Exercise brief:
Once the records below have been read, copy them all out exactly.

Stored records
________________
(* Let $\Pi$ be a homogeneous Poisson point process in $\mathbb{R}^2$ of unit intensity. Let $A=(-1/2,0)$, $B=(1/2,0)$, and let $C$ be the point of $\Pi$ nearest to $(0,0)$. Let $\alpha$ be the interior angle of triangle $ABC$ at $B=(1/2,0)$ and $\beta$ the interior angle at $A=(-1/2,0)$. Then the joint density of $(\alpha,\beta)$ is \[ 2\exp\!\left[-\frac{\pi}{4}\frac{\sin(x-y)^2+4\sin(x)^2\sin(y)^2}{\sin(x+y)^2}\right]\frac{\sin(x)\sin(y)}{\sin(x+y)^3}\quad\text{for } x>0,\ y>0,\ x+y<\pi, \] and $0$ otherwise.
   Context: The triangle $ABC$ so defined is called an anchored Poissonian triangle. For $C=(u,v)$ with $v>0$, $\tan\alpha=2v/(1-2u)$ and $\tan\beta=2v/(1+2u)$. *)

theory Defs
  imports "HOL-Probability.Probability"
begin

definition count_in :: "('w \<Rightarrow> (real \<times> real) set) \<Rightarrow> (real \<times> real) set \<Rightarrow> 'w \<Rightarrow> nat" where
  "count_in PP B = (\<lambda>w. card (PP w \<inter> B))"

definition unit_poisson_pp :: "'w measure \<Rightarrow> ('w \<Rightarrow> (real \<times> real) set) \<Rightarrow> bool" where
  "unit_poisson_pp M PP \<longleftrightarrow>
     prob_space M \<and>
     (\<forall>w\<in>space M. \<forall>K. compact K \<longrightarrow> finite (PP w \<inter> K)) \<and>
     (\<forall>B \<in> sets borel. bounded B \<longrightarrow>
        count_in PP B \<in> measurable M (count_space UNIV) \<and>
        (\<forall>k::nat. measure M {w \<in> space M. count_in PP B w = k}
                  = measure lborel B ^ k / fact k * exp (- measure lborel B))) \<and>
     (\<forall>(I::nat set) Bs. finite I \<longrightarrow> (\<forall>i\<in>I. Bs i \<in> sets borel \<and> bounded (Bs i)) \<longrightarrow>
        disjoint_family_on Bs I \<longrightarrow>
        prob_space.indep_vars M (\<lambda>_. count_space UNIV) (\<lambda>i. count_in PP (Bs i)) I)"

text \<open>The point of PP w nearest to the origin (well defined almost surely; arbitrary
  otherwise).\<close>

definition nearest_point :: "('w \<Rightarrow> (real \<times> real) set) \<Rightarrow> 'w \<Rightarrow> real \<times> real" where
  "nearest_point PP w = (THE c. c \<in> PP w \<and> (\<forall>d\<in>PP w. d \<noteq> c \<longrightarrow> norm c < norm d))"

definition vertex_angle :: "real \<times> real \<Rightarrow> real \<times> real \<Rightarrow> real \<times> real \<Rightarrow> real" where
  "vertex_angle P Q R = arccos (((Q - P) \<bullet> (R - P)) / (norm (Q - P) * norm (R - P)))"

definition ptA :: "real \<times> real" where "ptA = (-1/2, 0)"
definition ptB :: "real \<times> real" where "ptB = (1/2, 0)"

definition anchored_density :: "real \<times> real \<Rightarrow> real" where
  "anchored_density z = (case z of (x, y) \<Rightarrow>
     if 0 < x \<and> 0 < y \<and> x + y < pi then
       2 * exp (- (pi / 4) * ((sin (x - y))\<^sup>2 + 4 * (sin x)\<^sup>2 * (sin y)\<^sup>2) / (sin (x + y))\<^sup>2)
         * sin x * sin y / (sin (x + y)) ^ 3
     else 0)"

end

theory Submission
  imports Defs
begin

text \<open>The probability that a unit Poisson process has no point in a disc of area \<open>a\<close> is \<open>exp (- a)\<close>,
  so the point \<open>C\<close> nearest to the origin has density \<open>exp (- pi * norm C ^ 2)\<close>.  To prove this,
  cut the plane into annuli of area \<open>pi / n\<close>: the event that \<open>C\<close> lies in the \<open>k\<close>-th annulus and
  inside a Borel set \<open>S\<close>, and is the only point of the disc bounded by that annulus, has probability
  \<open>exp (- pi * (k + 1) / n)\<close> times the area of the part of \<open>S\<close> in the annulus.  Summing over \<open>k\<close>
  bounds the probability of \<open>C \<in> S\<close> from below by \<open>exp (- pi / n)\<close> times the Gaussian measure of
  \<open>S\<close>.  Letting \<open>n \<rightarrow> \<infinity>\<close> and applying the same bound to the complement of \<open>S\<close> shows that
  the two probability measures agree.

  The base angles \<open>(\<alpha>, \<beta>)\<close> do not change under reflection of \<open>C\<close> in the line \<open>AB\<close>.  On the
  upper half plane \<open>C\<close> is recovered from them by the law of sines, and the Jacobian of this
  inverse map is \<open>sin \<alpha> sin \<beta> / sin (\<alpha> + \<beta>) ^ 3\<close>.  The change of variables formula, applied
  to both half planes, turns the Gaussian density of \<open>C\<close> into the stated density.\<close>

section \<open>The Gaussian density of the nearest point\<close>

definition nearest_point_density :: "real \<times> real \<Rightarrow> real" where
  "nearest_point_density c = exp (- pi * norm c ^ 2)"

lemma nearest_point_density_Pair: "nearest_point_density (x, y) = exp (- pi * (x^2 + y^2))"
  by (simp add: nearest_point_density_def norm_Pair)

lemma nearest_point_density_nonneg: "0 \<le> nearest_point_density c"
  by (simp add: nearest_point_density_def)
________________
Answer space:
(* Let $\Pi$ be a homogeneous Poisson point process in $\mathbb{R}^2$ of unit intensity. Let $A=(-1/2,0)$, $B=(1/2,0)$, and let $C$ be the point of $\Pi$ nearest to $(0,0)$. Let $\alpha$ be the interior angle of triangle $ABC$ at $B=(1/2,0)$ and $\beta$ the interior angle at $A=(-1/2,0)$. Then the joint density of $(\alpha,\beta)$ is \[ 2\exp\!\left[-\frac{\pi}{4}\frac{\sin(x-y)^2+4\sin(x)^2\sin(y)^2}{\sin(x+y)^2}\right]\frac{\sin(x)\sin(y)}{\sin(x+y)^3}\quad\text{for } x>0,\ y>0,\ x+y<\pi, \] and $0$ otherwise.
   Context: The triangle $ABC$ so defined is called an anchored Poissonian triangle. For $C=(u,v)$ with $v>0$, $\tan\alpha=2v/(1-2u)$ and $\tan\beta=2v/(1+2u)$. *)

theory Defs
  imports "HOL-Probability.Probability"
begin

definition count_in :: "('w \<Rightarrow> (real \<times> real) set) \<Rightarrow> (real \<times> real) set \<Rightarrow> 'w \<Rightarrow> nat" where
  "count_in PP B = (\<lambda>w. card (PP w \<inter> B))"

definition unit_poisson_pp :: "'w measure \<Rightarrow> ('w \<Rightarrow> (real \<times> real) set) \<Rightarrow> bool" where
  "unit_poisson_pp M PP \<longleftrightarrow>
     prob_space M \<and>
     (\<forall>w\<in>space M. \<forall>K. compact K \<longrightarrow> finite (PP w \<inter> K)) \<and>
     (\<forall>B \<in> sets borel. bounded B \<longrightarrow>
        count_in PP B \<in> measurable M (count_space UNIV) \<and>
        (\<forall>k::nat. measure M {w \<in> space M. count_in PP B w = k}
                  = measure lborel B ^ k / fact k * exp (- measure lborel B))) \<and>
     (\<forall>(I::nat set) Bs. finite I \<longrightarrow> (\<forall>i\<in>I. Bs i \<in> sets borel \<and> bounded (Bs i)) \<longrightarrow>
        disjoint_family_on Bs I \<longrightarrow>
        prob_space.indep_vars M (\<lambda>_. count_space UNIV) (\<lambda>i. count_in PP (Bs i)) I)"

text \<open>The point of PP w nearest to the origin (well defined almost surely; arbitrary
  otherwise).\<close>

definition nearest_point :: "('w \<Rightarrow> (real \<times> real) set) \<Rightarrow> 'w \<Rightarrow> real \<times> real" where
  "nearest_point PP w = (THE c. c \<in> PP w \<and> (\<forall>d\<in>PP w. d \<noteq> c \<longrightarrow> norm c < norm d))"

definition vertex_angle :: "real \<times> real \<Rightarrow> real \<times> real \<Rightarrow> real \<times> real \<Rightarrow> real" where
  "vertex_angle P Q R = arccos (((Q - P) \<bullet> (R - P)) / (norm (Q - P) * norm (R - P)))"

definition ptA :: "real \<times> real" where "ptA = (-1/2, 0)"
definition ptB :: "real \<times> real" where "ptB = (1/2, 0)"

definition anchored_density :: "real \<times> real \<Rightarrow> real" where
  "anchored_density z = (case z of (x, y) \<Rightarrow>
     if 0 < x \<and> 0 < y \<and> x + y < pi then
       2 * exp (- (pi / 4) * ((sin (x - y))\<^sup>2 + 4 * (sin x)\<^sup>2 * (sin y)\<^sup>2) / (sin (x + y))\<^sup>2)
         * sin x * sin y / (sin (x + y)) ^ 3
     else 0)"

end

theory Submission
  imports Defs
begin

text \<open>The probability that a unit Poisson process has no point in a disc of area \<open>a\<close> is \<open>exp (- a)\<close>,
  so the point \<open>C\<close> nearest to the origin has density \<open>exp (- pi * norm C ^ 2)\<close>.  To prove this,
  cut the plane into annuli of area \<open>pi / n\<close>: the event that \<open>C\<close> lies in the \<open>k\<close>-th annulus and
  inside a Borel set \<open>S\<close>, and is the only point of the disc bounded by that annulus, has probability
  \<open>exp (- pi * (k + 1) / n)\<close> times the area of the part of \<open>S\<close> in the annulus.  Summing over \<open>k\<close>
  bounds the probability of \<open>C \<in> S\<close> from below by \<open>exp (- pi / n)\<close> times the Gaussian measure of
  \<open>S\<close>.  Letting \<open>n \<rightarrow> \<infinity>\<close> and applying the same bound to the complement of \<open>S\<close> shows that
  the two probability measures agree.

  The base angles \<open>(\<alpha>, \<beta>)\<close> do not change under reflection of \<open>C\<close> in the line \<open>AB\<close>.  On the
  upper half plane \<open>C\<close> is recovered from them by the law of sines, and the Jacobian of this
  inverse map is \<open>sin \<alpha> sin \<beta> / sin (\<alpha> + \<beta>) ^ 3\<close>.  The change of variables formula, applied
  to both half planes, turns the Gaussian density of \<open>C\<close> into the stated density.\<close>

section \<open>The Gaussian density of the nearest point\<close>

definition nearest_point_density :: "real \<times> real \<Rightarrow> real" where
  "nearest_point_density c = exp (- pi * norm c ^ 2)"

lemma nearest_point_density_Pair: "nearest_point_density (x, y) = exp (- pi * (x^2 + y^2))"
  by (simp add: nearest_point_density_def norm_Pair)

lemma nearest_point_density_nonneg: "0 \<le> nearest_point_density c"
  by (simp add: nearest_point_density_def)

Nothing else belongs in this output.